(Beginning of Extracted records)

(* The center of $U_3$ is $$Z(U_3)=\{(x_1+f_1,\,x_2,\,x_3)\mid f_1=f_1(x_2,x_3)\in S\}.$$
   Context: $K$ is a field of characteristic zero, $A_3=K\langle x_1,x_2,x_3\rangle$ the free associative $K$-algebra with unity. $U_3$ is the group of unitriangular automorphisms of $A_3$: all automorphisms $(x_1+f_1,\,x_2+f_2,\,x_3+f_3)$ (meaning $x_i\mapsto x_i+f_i$) with $f_1\in K\langle x_2,x_3\rangle$, $f_2\in K\langle x_3\rangle$, $f_3\in K$. $S=\{f\in K\langle x_2,x_3\rangle\mid f(x_2+g(x_3),\,x_3+h)=f(x_2,x_3)\text{ for all }g(x_3)\in K\langle x_3\rangle,\ h\in K\}$. *)

theory Defs
  imports "HOL-Library.FuncSet"
begin

text \<open>Free associative algebra A_3 = K<x_1,x_2,x_3>: a noncommutative polynomial is a
finitely supported coefficient function on words (lists) over the variable indices 1,2,3.
Variable x_i is the one-letter word [i].\<close>

definition nc_polys :: "nat set \<Rightarrow> (nat list \<Rightarrow> 'k::zero) set" where
  "nc_polys V = {p. finite {w. p w \<noteq> 0} \<and> (\<forall>w. p w \<noteq> 0 \<longrightarrow> set w \<subseteq> V)}"

abbreviation A3 :: "(nat list \<Rightarrow> 'k::zero) set" where
  "A3 \<equiv> nc_polys {1,2,3}"

definition nc_zero :: "nat list \<Rightarrow> 'k::zero" where
  "nc_zero = (\<lambda>_. 0)"

definition nc_const :: "'k::zero \<Rightarrow> nat list \<Rightarrow> 'k" where
  "nc_const c = (\<lambda>w. if w = [] then c else 0)"

definition nc_var :: "nat \<Rightarrow> nat list \<Rightarrow> 'k::{zero,one}" where
  "nc_var i = (\<lambda>w. if w = [i] then 1 else 0)"

definition nc_add :: "(nat list \<Rightarrow> 'k::plus) \<Rightarrow> (nat list \<Rightarrow> 'k) \<Rightarrow> nat list \<Rightarrow> 'k" where
  "nc_add p q = (\<lambda>w. p w + q w)"

definition nc_mult :: "(nat list \<Rightarrow> 'k::comm_semiring_1) \<Rightarrow> (nat list \<Rightarrow> 'k) \<Rightarrow> nat list \<Rightarrow> 'k" where
  "nc_mult p q = (\<lambda>w. \<Sum>i\<le>length w. p (take i w) * q (drop i w))"

definition nc_word_eval :: "(nat \<Rightarrow> nat list \<Rightarrow> 'k::comm_semiring_1) \<Rightarrow> nat list \<Rightarrow> nat list \<Rightarrow> 'k" where
  "nc_word_eval phi w = foldr (\<lambda>i acc. nc_mult (phi i) acc) w (nc_const 1)"

definition nc_subst :: "(nat \<Rightarrow> nat list \<Rightarrow> 'k::comm_semiring_1) \<Rightarrow> (nat list \<Rightarrow> 'k) \<Rightarrow> nat list \<Rightarrow> 'k" where
  "nc_subst phi p = (\<lambda>v. \<Sum>w\<in>{w. p w \<noteq> 0}. p w * nc_word_eval phi w v)"

definition tri_map :: "(nat list \<Rightarrow> 'k::comm_semiring_1) \<Rightarrow> (nat list \<Rightarrow> 'k) \<Rightarrow> (nat list \<Rightarrow> 'k)
    \<Rightarrow> (nat list \<Rightarrow> 'k) \<Rightarrow> nat list \<Rightarrow> 'k" where
  "tri_map f1 f2 f3 = (\<lambda>p\<in>A3. nc_subst (\<lambda>i. if i = 1 then nc_add (nc_var 1) f1
                                        else if i = 2 then nc_add (nc_var 2) f2
                                        else nc_add (nc_var 3) f3) p)"

definition U3 :: "((nat list \<Rightarrow> 'k::field_char_0) \<Rightarrow> (nat list \<Rightarrow> 'k)) set" where
  "U3 = {tri_map f1 f2 f3 | f1 f2 f3.
          f1 \<in> nc_polys {2,3} \<and> f2 \<in> nc_polys {3} \<and> f3 \<in> nc_polys {} \<and>
          bij_betw (tri_map f1 f2 f3) A3 A3}"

(End of Extracted records)

### Exercise aim
Every line of the records above needs to be given again exactly.

### Response
(* The center of $U_3$ is $$Z(U_3)=\{(x_1+f_1,\,x_2,\,x_3)\mid f_1=f_1(x_2,x_3)\in S\}.$$
   Context: $K$ is a field of characteristic zero, $A_3=K\langle x_1,x_2,x_3\rangle$ the free associative $K$-algebra with unity. $U_3$ is the group of unitriangular automorphisms of $A_3$: all automorphisms $(x_1+f_1,\,x_2+f_2,\,x_3+f_3)$ (meaning $x_i\mapsto x_i+f_i$) with $f_1\in K\langle x_2,x_3\rangle$, $f_2\in K\langle x_3\rangle$, $f_3\in K$. $S=\{f\in K\langle x_2,x_3\rangle\mid f(x_2+g(x_3),\,x_3+h)=f(x_2,x_3)\text{ for all }g(x_3)\in K\langle x_3\rangle,\ h\in K\}$. *)

theory Defs
  imports "HOL-Library.FuncSet"
begin

text \<open>Free associative algebra A_3 = K<x_1,x_2,x_3>: a noncommutative polynomial is a
finitely supported coefficient function on words (lists) over the variable indices 1,2,3.
Variable x_i is the one-letter word [i].\<close>

definition nc_polys :: "nat set \<Rightarrow> (nat list \<Rightarrow> 'k::zero) set" where
  "nc_polys V = {p. finite {w. p w \<noteq> 0} \<and> (\<forall>w. p w \<noteq> 0 \<longrightarrow> set w \<subseteq> V)}"

abbreviation A3 :: "(nat list \<Rightarrow> 'k::zero) set" where
  "A3 \<equiv> nc_polys {1,2,3}"

definition nc_zero :: "nat list \<Rightarrow> 'k::zero" where
  "nc_zero = (\<lambda>_. 0)"

definition nc_const :: "'k::zero \<Rightarrow> nat list \<Rightarrow> 'k" where
  "nc_const c = (\<lambda>w. if w = [] then c else 0)"

definition nc_var :: "nat \<Rightarrow> nat list \<Rightarrow> 'k::{zero,one}" where
  "nc_var i = (\<lambda>w. if w = [i] then 1 else 0)"

definition nc_add :: "(nat list \<Rightarrow> 'k::plus) \<Rightarrow> (nat list \<Rightarrow> 'k) \<Rightarrow> nat list \<Rightarrow> 'k" where
  "nc_add p q = (\<lambda>w. p w + q w)"

definition nc_mult :: "(nat list \<Rightarrow> 'k::comm_semiring_1) \<Rightarrow> (nat list \<Rightarrow> 'k) \<Rightarrow> nat list \<Rightarrow> 'k" where
  "nc_mult p q = (\<lambda>w. \<Sum>i\<le>length w. p (take i w) * q (drop i w))"

definition nc_word_eval :: "(nat \<Rightarrow> nat list \<Rightarrow> 'k::comm_semiring_1) \<Rightarrow> nat list \<Rightarrow> nat list \<Rightarrow> 'k" where
  "nc_word_eval phi w = foldr (\<lambda>i acc. nc_mult (phi i) acc) w (nc_const 1)"

definition nc_subst :: "(nat \<Rightarrow> nat list \<Rightarrow> 'k::comm_semiring_1) \<Rightarrow> (nat list \<Rightarrow> 'k) \<Rightarrow> nat list \<Rightarrow> 'k" where
  "nc_subst phi p = (\<lambda>v. \<Sum>w\<in>{w. p w \<noteq> 0}. p w * nc_word_eval phi w v)"

definition tri_map :: "(nat list \<Rightarrow> 'k::comm_semiring_1) \<Rightarrow> (nat list \<Rightarrow> 'k) \<Rightarrow> (nat list \<Rightarrow> 'k)
    \<Rightarrow> (nat list \<Rightarrow> 'k) \<Rightarrow> nat list \<Rightarrow> 'k" where
  "tri_map f1 f2 f3 = (\<lambda>p\<in>A3. nc_subst (\<lambda>i. if i = 1 then nc_add (nc_var 1) f1
                                        else if i = 2 then nc_add (nc_var 2) f2
                                        else nc_add (nc_var 3) f3) p)"

definition U3 :: "((nat list \<Rightarrow> 'k::field_char_0) \<Rightarrow> (nat list \<Rightarrow> 'k)) set" where
  "U3 = {tri_map f1 f2 f3 | f1 f2 f3.
          f1 \<in> nc_polys {2,3} \<and> f2 \<in> nc_polys {3} \<and> f3 \<in> nc_polys {} \<and>
          bij_betw (tri_map f1 f2 f3) A3 A3}"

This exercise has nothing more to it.